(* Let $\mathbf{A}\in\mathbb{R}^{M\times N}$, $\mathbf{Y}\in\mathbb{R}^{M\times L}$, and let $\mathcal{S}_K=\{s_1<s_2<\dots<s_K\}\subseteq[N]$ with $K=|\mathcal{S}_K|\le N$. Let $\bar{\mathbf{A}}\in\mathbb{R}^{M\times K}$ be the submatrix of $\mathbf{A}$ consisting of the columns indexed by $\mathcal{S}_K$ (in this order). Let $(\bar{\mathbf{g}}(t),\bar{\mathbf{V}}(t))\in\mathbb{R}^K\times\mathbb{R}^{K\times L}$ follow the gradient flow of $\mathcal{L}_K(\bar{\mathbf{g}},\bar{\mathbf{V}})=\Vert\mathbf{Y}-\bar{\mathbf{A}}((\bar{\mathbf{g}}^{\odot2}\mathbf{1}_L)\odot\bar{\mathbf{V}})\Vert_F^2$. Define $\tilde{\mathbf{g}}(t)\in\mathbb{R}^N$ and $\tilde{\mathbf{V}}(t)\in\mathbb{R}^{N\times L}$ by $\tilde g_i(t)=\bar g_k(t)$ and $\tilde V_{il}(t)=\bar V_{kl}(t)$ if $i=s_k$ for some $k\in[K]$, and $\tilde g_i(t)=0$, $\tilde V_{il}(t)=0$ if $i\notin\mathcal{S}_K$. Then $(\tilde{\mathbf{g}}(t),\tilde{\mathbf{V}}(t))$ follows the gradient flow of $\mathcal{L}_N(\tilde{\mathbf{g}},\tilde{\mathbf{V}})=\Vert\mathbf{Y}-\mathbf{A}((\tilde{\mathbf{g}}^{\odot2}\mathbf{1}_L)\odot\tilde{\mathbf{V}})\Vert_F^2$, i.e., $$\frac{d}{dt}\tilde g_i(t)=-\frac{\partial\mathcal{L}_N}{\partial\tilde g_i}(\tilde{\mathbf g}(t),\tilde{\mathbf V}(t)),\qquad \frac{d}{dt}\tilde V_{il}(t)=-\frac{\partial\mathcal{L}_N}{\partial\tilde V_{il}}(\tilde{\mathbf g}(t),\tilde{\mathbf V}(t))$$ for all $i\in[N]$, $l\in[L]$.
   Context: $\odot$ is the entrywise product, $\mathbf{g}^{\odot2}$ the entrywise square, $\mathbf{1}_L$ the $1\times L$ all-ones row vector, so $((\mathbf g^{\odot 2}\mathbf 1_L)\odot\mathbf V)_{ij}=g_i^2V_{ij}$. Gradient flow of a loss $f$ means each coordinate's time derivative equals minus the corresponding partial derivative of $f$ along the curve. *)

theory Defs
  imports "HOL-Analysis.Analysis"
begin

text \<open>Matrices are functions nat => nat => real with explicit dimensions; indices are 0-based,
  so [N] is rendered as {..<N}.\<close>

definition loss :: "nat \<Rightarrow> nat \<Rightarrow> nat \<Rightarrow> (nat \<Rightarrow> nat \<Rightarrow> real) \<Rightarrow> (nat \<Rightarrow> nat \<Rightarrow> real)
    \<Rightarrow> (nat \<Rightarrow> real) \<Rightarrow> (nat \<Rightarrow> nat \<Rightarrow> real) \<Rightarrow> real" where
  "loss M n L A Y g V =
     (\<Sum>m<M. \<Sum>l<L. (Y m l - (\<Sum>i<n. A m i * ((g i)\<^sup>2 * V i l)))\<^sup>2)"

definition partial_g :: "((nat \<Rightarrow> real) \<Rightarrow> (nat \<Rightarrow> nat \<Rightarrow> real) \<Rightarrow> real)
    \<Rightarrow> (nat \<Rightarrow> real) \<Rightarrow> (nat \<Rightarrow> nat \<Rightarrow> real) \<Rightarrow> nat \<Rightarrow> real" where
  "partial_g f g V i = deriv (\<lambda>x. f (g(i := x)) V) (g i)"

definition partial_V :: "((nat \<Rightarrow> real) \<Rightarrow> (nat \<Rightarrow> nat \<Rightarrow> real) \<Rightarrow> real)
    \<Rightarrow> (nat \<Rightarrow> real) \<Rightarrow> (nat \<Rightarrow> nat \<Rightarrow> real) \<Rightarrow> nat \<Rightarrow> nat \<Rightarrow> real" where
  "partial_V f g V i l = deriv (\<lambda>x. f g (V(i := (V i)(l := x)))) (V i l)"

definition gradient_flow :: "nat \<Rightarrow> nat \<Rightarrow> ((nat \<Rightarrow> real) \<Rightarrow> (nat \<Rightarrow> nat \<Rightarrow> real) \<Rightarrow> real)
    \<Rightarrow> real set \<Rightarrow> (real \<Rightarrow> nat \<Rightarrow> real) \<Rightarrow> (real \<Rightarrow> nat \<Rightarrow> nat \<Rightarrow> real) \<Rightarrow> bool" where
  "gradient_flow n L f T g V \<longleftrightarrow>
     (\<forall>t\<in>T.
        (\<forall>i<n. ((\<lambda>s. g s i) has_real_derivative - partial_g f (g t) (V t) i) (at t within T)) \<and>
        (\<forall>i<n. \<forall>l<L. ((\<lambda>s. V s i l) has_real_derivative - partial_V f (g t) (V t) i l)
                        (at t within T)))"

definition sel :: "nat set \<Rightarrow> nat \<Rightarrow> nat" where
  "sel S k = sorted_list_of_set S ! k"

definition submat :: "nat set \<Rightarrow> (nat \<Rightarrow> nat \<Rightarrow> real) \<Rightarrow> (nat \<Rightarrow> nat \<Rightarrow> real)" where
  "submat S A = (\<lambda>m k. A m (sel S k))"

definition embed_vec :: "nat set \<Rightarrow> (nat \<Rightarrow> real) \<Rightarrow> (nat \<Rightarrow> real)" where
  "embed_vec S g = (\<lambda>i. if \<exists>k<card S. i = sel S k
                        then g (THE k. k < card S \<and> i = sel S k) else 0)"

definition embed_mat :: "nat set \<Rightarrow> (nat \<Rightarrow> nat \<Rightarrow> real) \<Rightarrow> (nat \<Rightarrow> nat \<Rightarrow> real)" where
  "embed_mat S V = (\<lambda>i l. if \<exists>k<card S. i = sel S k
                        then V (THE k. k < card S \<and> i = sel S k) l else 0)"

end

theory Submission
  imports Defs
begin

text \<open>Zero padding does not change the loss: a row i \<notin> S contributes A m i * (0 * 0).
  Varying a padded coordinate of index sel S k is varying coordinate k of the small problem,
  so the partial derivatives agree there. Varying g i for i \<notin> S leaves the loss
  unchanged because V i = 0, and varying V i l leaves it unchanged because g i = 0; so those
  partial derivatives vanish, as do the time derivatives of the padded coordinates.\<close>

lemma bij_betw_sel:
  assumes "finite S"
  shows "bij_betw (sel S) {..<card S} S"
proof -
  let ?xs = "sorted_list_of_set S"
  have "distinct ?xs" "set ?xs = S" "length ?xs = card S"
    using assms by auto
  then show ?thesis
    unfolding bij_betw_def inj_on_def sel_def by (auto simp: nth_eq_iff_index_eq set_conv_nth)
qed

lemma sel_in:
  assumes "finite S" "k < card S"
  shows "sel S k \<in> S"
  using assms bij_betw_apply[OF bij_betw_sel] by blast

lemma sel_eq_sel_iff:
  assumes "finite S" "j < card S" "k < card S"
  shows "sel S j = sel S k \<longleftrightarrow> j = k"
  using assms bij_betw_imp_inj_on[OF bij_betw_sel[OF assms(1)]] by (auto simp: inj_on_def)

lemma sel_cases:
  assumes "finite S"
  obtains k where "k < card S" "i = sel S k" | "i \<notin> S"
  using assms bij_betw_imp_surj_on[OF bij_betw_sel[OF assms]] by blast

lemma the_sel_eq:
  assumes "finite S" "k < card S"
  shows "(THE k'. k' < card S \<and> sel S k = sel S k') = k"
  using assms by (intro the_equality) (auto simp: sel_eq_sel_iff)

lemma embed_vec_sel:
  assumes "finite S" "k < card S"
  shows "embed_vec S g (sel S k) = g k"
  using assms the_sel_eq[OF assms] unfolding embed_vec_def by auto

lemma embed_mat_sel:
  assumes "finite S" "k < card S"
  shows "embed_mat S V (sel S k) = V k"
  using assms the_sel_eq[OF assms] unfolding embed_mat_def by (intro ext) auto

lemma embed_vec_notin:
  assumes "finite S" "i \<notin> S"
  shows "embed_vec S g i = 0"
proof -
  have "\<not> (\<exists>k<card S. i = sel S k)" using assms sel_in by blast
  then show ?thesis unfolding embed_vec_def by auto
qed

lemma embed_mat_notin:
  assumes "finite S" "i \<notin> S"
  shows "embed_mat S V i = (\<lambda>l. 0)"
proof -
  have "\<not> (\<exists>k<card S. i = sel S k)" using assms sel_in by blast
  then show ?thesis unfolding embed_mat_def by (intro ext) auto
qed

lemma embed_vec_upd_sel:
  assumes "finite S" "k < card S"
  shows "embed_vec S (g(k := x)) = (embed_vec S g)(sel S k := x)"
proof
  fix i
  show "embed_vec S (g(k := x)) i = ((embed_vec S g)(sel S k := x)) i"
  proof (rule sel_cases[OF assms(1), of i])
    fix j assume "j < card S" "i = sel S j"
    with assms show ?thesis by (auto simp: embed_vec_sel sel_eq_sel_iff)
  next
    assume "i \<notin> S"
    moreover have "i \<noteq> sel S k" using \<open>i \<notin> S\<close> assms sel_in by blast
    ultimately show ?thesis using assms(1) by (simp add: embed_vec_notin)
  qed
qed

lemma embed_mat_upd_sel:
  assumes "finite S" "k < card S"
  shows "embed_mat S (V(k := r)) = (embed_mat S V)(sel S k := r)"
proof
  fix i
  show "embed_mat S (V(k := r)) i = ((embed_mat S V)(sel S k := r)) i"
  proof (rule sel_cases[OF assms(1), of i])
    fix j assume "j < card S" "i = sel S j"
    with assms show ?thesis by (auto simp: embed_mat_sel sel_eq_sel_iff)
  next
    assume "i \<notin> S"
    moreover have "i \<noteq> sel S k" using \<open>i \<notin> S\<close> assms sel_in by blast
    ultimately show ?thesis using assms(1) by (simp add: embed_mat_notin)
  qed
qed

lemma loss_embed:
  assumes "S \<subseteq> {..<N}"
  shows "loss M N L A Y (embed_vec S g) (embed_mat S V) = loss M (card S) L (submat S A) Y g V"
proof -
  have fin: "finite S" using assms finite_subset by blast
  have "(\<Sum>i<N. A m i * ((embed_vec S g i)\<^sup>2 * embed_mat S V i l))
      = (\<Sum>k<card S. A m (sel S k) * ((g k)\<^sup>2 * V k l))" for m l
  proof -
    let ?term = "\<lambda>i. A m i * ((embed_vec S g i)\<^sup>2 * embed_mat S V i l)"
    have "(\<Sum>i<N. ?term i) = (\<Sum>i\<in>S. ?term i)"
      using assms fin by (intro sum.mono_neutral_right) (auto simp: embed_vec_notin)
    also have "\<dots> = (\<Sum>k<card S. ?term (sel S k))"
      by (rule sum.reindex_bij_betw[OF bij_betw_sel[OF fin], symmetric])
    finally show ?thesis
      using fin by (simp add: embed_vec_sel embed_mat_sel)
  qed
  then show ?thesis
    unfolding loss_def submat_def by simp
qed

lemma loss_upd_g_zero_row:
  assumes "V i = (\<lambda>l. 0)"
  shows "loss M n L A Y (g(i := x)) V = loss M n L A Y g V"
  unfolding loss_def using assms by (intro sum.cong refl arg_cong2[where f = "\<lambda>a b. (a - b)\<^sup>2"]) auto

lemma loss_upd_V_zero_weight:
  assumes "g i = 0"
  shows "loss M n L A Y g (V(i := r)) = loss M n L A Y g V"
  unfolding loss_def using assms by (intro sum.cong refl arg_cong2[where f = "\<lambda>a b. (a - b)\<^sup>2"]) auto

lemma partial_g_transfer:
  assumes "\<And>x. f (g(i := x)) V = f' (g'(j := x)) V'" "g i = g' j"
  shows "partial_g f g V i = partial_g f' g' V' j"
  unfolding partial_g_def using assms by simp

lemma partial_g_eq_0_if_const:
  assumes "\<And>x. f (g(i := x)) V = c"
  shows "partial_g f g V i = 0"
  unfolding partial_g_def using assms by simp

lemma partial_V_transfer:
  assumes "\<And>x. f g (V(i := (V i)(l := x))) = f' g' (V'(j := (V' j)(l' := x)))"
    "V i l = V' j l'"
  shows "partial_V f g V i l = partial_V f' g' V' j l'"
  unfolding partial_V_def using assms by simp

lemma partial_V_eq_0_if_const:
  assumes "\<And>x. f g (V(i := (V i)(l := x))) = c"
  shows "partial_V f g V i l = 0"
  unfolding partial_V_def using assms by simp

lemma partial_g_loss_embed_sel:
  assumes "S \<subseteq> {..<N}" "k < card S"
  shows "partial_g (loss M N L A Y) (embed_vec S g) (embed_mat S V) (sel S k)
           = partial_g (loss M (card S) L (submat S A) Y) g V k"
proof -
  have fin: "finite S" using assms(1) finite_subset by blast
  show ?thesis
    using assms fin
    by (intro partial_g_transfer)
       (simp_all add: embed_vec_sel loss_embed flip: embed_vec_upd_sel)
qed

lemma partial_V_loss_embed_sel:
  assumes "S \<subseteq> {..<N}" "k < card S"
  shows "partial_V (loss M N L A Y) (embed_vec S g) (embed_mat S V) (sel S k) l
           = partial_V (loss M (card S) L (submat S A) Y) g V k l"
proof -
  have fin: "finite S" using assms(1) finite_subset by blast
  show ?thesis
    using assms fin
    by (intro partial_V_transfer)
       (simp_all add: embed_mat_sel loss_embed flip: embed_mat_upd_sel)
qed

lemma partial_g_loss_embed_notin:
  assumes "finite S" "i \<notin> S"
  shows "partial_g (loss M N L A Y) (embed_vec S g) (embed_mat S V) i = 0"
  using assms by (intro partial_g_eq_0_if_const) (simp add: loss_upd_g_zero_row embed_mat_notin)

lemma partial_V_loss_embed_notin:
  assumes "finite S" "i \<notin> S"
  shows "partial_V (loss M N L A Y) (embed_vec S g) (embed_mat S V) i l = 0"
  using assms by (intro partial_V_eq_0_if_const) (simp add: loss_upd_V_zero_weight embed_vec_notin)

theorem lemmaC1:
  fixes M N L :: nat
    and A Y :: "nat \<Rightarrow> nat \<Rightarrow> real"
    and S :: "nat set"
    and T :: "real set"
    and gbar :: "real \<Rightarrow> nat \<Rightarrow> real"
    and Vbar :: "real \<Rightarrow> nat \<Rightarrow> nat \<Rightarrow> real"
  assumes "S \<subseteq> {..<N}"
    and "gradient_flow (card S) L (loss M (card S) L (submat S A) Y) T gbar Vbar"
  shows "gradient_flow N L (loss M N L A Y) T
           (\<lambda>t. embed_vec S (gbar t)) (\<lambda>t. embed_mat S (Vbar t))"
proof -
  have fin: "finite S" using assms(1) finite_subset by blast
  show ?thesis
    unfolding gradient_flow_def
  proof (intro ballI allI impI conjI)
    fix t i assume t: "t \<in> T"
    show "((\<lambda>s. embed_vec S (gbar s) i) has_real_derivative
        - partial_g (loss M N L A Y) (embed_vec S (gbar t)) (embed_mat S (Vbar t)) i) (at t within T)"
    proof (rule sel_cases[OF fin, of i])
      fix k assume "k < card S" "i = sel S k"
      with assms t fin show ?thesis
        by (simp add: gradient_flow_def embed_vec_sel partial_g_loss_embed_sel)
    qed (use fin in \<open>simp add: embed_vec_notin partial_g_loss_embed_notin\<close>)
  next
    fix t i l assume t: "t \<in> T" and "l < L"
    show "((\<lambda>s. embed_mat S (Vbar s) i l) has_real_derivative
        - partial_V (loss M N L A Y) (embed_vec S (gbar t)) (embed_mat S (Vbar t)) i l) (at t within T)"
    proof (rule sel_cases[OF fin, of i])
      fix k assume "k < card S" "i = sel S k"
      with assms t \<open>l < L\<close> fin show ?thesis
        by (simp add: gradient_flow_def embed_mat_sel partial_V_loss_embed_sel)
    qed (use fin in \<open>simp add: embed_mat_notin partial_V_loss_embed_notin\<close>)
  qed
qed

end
• • • • • • •
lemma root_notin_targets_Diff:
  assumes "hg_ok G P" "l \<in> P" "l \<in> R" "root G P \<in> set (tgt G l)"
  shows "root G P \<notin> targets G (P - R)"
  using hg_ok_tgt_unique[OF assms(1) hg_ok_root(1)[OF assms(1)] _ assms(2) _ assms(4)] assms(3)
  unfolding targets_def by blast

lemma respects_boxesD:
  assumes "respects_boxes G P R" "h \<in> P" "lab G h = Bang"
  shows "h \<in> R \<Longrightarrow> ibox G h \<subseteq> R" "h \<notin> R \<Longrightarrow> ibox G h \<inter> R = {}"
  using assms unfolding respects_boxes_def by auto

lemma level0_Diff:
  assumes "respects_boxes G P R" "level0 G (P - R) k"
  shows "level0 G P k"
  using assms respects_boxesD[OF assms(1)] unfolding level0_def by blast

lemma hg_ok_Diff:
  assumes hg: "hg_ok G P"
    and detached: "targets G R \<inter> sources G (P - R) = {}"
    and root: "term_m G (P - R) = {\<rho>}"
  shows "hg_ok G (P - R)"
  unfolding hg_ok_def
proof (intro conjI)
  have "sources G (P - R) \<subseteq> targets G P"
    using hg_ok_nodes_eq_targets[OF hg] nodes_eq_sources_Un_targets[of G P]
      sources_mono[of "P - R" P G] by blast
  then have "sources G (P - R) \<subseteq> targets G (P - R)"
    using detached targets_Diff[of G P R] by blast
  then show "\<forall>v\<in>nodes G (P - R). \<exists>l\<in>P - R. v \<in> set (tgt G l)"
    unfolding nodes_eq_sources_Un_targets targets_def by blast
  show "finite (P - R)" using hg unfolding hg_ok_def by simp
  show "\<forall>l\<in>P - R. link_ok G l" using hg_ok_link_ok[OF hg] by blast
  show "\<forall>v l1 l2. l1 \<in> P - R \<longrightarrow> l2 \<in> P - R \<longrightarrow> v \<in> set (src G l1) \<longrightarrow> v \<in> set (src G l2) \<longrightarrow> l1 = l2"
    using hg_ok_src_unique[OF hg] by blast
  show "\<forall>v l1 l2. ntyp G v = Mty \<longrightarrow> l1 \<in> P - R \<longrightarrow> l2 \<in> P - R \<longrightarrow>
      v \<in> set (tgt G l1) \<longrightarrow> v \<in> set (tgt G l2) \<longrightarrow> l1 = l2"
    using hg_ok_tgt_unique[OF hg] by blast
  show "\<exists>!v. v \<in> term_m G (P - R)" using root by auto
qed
• • • • • • •
Work item
Find the lines in the material above that include the string "flip", and state how many there are without any other text.

Result below
2